RNA Isolation and Quantitative Real-Time PCR (QRT-PCR) Analysis
Trizol total RNA extraction kit (Sangon, Shanghai, China) was used to extract total RNA. Next, moloney murine leukemia virus (M-MLV) reverse transcriptase (TakaRa, Dalian, China) was used to perform reverse transcription. Triplicate quantitative assays were performed using SYBR Green Master Mix (TakaRa) with an ABI 7500 sequence detection system. Nine maize PC genes were randomly selected for real-time quantitative reverse transcription polymerase chain reaction (qRT-PCR) analysis. The gene-specific primers (Table 3) were synthesized in Sangon. The expression level of Actin 1 (GRMZM2G126010) gene was used as a reference. 2-ΔΔCT method (Livak and Schmittgen, 2001) was used to calculate the relative expression level of the PC genes.
Results and Discussion
Identification of PC Multigene Family in Plants
Phytocyanins are plant-specific ancient blue copper proteins which function as electron transporter. Though some researches (Mashiguchi et al., 2009; Showalter et al., 2010; Ma et al., 2011; Li et al., 2013) have been made in the characterization of plant PCs during the past decade, studies on this gene family are still scarce.
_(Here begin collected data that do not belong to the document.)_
lemma nn_integral_F_density_atMost_finite:
  assumes a: "a \<ge> 1" and C: "C \<ge> 0"
  shows "(\<integral>\<^sup>+t. ennreal (F_density a b t) * indicator {..C} t \<partial>lborel) < \<infinity>"
proof -
  define h where "h = real a / 2"
  define K where "K = Gamma ((real a + real b) / 2) / (Gamma (real a / 2) * Gamma (real b / 2))
    * (real a / real b) powr (real a / 2)"
  have h: "h > 0" using a by (simp add: h_def)
  have K: "K \<ge> 0"
    unfolding K_def using Gamma_half_nonneg[of "a + b"] Gamma_half_nonneg[of a] Gamma_half_nonneg[of b]
    by (auto intro!: mult_nonneg_nonneg divide_nonneg_nonneg)
  have "(\<integral>\<^sup>+t. ennreal (F_density a b t) * indicator {..C} t \<partial>lborel)
      \<le> (\<integral>\<^sup>+t. ennreal K * ennreal (indicator {0..C} t * t powr (h - 1)) \<partial>lborel)"
  proof (intro nn_integral_mono)
    fix t :: real
    show "ennreal (F_density a b t) * indicator {..C} t \<le> ennreal K * ennreal (indicator {0..C} t * t powr (h - 1))"
    proof (cases "t > 0 \<and> t \<le> C")
      case True
      have base: "1 \<le> 1 + real a * t / real b" using True by simp
      have "(1 + real a * t / real b) powr (- (real a + real b) / 2)
          \<le> (1 + real a * t / real b) powr 0"
        using base by (intro powr_mono) auto
      also have "\<dots> = 1" using base by simp
      finally have "(1 + real a * t / real b) powr (- (real a + real b) / 2) \<le> 1" .
      then have "K * t powr (h - 1) * (1 + real a * t / real b) powr (- (real a + real b) / 2)
          \<le> K * t powr (h - 1) * 1"
        using K by (intro mult_left_mono) auto
      moreover have "F_density a b t
          = K * t powr (h - 1) * (1 + real a * t / real b) powr (- (real a + real b) / 2)"
        using True by (simp add: F_density_def K_def h_def)
      ultimately show ?thesis using True K by (simp add: ennreal_mult'[symmetric] ennreal_leI)
    qed (auto simp: F_density_def indicator_def)
  qed
  also have "\<dots> = ennreal K * (\<integral>\<^sup>+t. ennreal (indicator {0..C} t * t powr (h - 1)) \<partial>lborel)"
    by (rule nn_integral_cmult) measurable
  also have "(\<integral>\<^sup>+t. ennreal (indicator {0..C} t * t powr (h - 1)) \<partial>lborel)
      = ennreal (C powr (h - 1 + 1) / (h - 1 + 1))"
    by (rule nn_integral_has_integral_lebesgue) (use has_integral_powr_from_0[of "h - 1" C] h C in auto)
  also have "ennreal K * ennreal (C powr (h - 1 + 1) / (h - 1 + 1)) < \<infinity>"
    by (simp add: ennreal_mult_less_top)
  finally show ?thesis .
qed
(* For $t\in(0,1)$ and $n\ge1$, $$r_n=-\frac12+\frac{2n+1+\alpha+\beta+(1-t)x_n'}{2x_n}-\frac{\big(2y_n+\beta-(1-t)x_n+t\big)\big(2n+1+\alpha+\beta-x_n\big)}{2t\,x_n}.$$
   Context: Fix $\alpha>0$, $\beta>0$, and real $A,B$ with $A\ge0$, $A+B\ge0$, not both zero; $\theta$ is the Heaviside step function. For $t\in(0,1)$ let $w(x;t)=x^\alpha(1-x)^\beta(A+B\theta(x-t))$ on $[0,1]$, and let $P_n(x)=P_n(x;t)$ be the monic orthogonal polynomials: $\int_0^1P_iP_jw\,dx=h_i(t)\delta_{ij}$, $h_i>0$. Define $r_n(t)=B\,t^\alpha(1-t)^\beta P_n(t;t)P_{n-1}(t;t)/h_{n-1}$, $x_n(t)=\frac{\beta}{h_n}\int_0^1\frac{P_n(y)^2}{1-y}\,y^\alpha(1-y)^\beta(A+B\theta(y-t))\,dy$, $y_n(t)=\frac{\beta}{h_{n-1}}\int_0^1\frac{P_n(y)P_{n-1}(y)}{1-y}\,y^\alpha(1-y)^\beta(A+B\theta(y-t))\,dy$. A prime denotes $d/dt$. *)

theory Defs
  imports "HOL-Analysis.Analysis" "HOL-Computational_Algebra.Polynomial"
begin

definition wt :: "real \<Rightarrow> real \<Rightarrow> real \<Rightarrow> real \<Rightarrow> real \<Rightarrow> real \<Rightarrow> real" where
  "wt \<alpha> \<beta> A B t x = x powr \<alpha> * (1 - x) powr \<beta> * (A + B * (if x - t \<ge> 0 then 1 else 0))"

definition is_monic_OP :: "real \<Rightarrow> real \<Rightarrow> real \<Rightarrow> real \<Rightarrow> real \<Rightarrow> nat \<Rightarrow> real poly \<Rightarrow> bool" where
  "is_monic_OP \<alpha> \<beta> A B t n P \<longleftrightarrow>
     degree P = n \<and> lead_coeff P = 1 \<and>
     (\<forall>Q :: real poly. degree Q < n \<longrightarrow>
        integral {0..1} (\<lambda>x. poly P x * poly Q x * wt \<alpha> \<beta> A B t x) = 0)"

definition OP :: "real \<Rightarrow> real \<Rightarrow> real \<Rightarrow> real \<Rightarrow> nat \<Rightarrow> real \<Rightarrow> real poly" where
  "OP \<alpha> \<beta> A B n t = (THE P. is_monic_OP \<alpha> \<beta> A B t n P)"

definition hn :: "real \<Rightarrow> real \<Rightarrow> real \<Rightarrow> real \<Rightarrow> nat \<Rightarrow> real \<Rightarrow> real" where
  "hn \<alpha> \<beta> A B n t = integral {0..1} (\<lambda>x. (poly (OP \<alpha> \<beta> A B n t) x)\<^sup>2 * wt \<alpha> \<beta> A B t x)"

definition rn :: "real \<Rightarrow> real \<Rightarrow> real \<Rightarrow> real \<Rightarrow> nat \<Rightarrow> real \<Rightarrow> real" where
  "rn \<alpha> \<beta> A B n t = B * t powr \<alpha> * (1 - t) powr \<beta> * poly (OP \<alpha> \<beta> A B n t) t
      * poly (OP \<alpha> \<beta> A B (n - 1) t) t / hn \<alpha> \<beta> A B (n - 1) t"

definition xn :: "real \<Rightarrow> real \<Rightarrow> real \<Rightarrow> real \<Rightarrow> nat \<Rightarrow> real \<Rightarrow> real" where
  "xn \<alpha> \<beta> A B n t = \<beta> / hn \<alpha> \<beta> A B n t *
     integral {0..1} (\<lambda>y. (poly (OP \<alpha> \<beta> A B n t) y)\<^sup>2 / (1 - y) * wt \<alpha> \<beta> A B t y)"
lemma translate_successor:
  assumes "k = n - 1" "i \<in> {1..n}" "j \<in> {1..n}"
  shows "modn n (i + 1) \<cdot> j = i \<cdot> modn n (j + 1)"
proof -
  have "modn n (modn n (j + 1) + k) = modn n (j + 1 + k)" using modn_add_modn[OF order_pos] .
  also have "j + 1 + k = j + n" using assms(1) order_pos by simp
  also have "modn n (j + n) = j" using modn_add_self assms(3) .
  finally show ?thesis using translate[OF assms(2) modn_in_range[OF order_pos]] by simp
qed

lemma diamond_mult_successor:
  assumes "k = n - 1" "x \<in> {1..n}"
  shows "x \<otimes>\<^bsub>diamond\<^esub> modn n (e + 1) = modn n (x + 1)"
proof -
  have g: "modn n (e + 1) \<in> {1..n}" and x': "modn n (x + 1) \<in> {1..n}"
    using modn_in_range order_pos by blast+
  have "x \<otimes>\<^bsub>diamond\<^esub> modn n (e + 1) = e \<cdot> (modn n (e + 1) \<cdot> x)"
    unfolding diamond_group_simps(3) by (rule unit_mult_antihom[OF g assms(2), symmetric])
  also have "modn n (e + 1) \<cdot> x = e \<cdot> modn n (x + 1)"
    by (rule translate_successor[OF assms(1) unit_closed assms(2)])
  also have "e \<cdot> (e \<cdot> modn n (x + 1)) = modn n (x + 1)"
    by (rule unit_involution[OF x'])
  finally show ?thesis .
qed

lemma diamond_pow_successor:
  assumes "k = n - 1"
  shows "modn n (e + 1) [^]\<^bsub>diamond\<^esub> m = modn n (e + m)"
proof (induction m)
  case 0
  show ?case using modn_eq_self[OF unit_closed] by simp
next
  case (Suc m)
  have "modn n (e + 1) [^]\<^bsub>diamond\<^esub> Suc m = modn n (e + m) \<otimes>\<^bsub>diamond\<^esub> modn n (e + 1)"
    using Suc.IH by (simp only: nat_pow_Suc)
  also have "\<dots> = modn n (modn n (e + m) + 1)"
    using diamond_mult_successor[OF assms modn_in_range[OF order_pos]] .
  also have "\<dots> = modn n (e + m + 1)"
    by (rule modn_add_modn[OF order_pos])
  finally show ?case by simp
qed

lemma cyclic_diamond:
  assumes "k = n - 1"
  shows "cyclic_group diamond"
proof -
  interpret D: group diamond by (rule group_diamond)
  let ?g = "modn n (e + 1)"
  have "x \<in> range (\<lambda>m::int. ?g [^]\<^bsub>diamond\<^esub> m)" if x: "x \<in> {1..n}" for x
  proof
    have "e \<le> x + n" using unit_closed by simp
    then have "?g [^]\<^bsub>diamond\<^esub> int (x + n - e) = modn n (x + n)"
      unfolding int_pow_int diamond_pow_successor[OF assms] by simp
    then show "x = ?g [^]\<^bsub>diamond\<^esub> int (x + n - e)"
      unfolding modn_add_self[OF x] by (rule sym)
  qed simp
  then have "carrier diamond = range (\<lambda>m::int. ?g [^]\<^bsub>diamond\<^esub> m)"
    using D.int_pow_closed modn_in_range[OF order_pos] by auto
  moreover have "?g \<in> carrier diamond" using modn_in_range[OF order_pos] by simp
  ultimately show ?thesis unfolding D.cyclic_group by blast
qed

end

theorem theorem4p14:
  fixes n k e :: nat and f :: "nat \<Rightarrow> nat \<Rightarrow> nat"
  assumes "double_ward {1..n} f e"
    and "1 \<le> k" and "k < n"
    and "translatable n f k"
  shows "k = n - 1 \<and> group (diamond_group {1..n} f e) \<and> cyclic_group (diamond_group {1..n} f e)"
proof -
  interpret translatable_double_ward_quasigroup n f e k
    using assms(1,4) double_ward_quasigroupI
    by (simp add: translatable_double_ward_quasigroup_def translatable_double_ward_quasigroup_axioms_def)
  have "k = n - 1" using translatable_index_eq assms(2,3) .
  then show ?thesis using group_diamond cyclic_diamond by blast
qed

end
In order to identify PC multigene families in other plant species, we used Arabidopsis, rice and B. rapa PC proteins as queries to perform a genome-wide search in eight genomes in Viridiplantae. The returned sequences were further confirmed as encoding PC by the Pfam (Punta et al., 2012) searches for the presence of a plastocyanin-like domain (PCLD) signature conserved in other PC proteins. As we know, the Arabidopsis and rice PCs have been bioinformatically and systematically studied in previous study (Ma et al., 2011; Li et al., 2013), so, the previous published data were also used to carry out deeper analysis. As a result, a total of 465 PC genes were identified from 10 plants in the phytozome database (Table 1). Our analysis shows that the number of PC genes ranged from 1 to 89 across the different plant species (Table 1). The soybean genome contains a maximum of 89 PC genes, while, chlamydomonas has only one. About 60 and 77 putative PC genes were identified from maize and poplar, respectively. Poplar has about two times PC genes than Arabidopsis, whereas rice and maize have a similar number of the PC genes when compared with that of poplar. By searching the Genome database of NCBI5, we found that the poplar, Arabidopsis and maize genomes contain 42,577, 33,583, and 39,454 genes, respectively, which are 39.4, 9.9, and 29.2% larger than that of rice (30,534), respectively. This implied that the number of PCs is not proportional to the size of the genomes. Obviously, there will be some forces to prompt the number change of this gene family in different plant species.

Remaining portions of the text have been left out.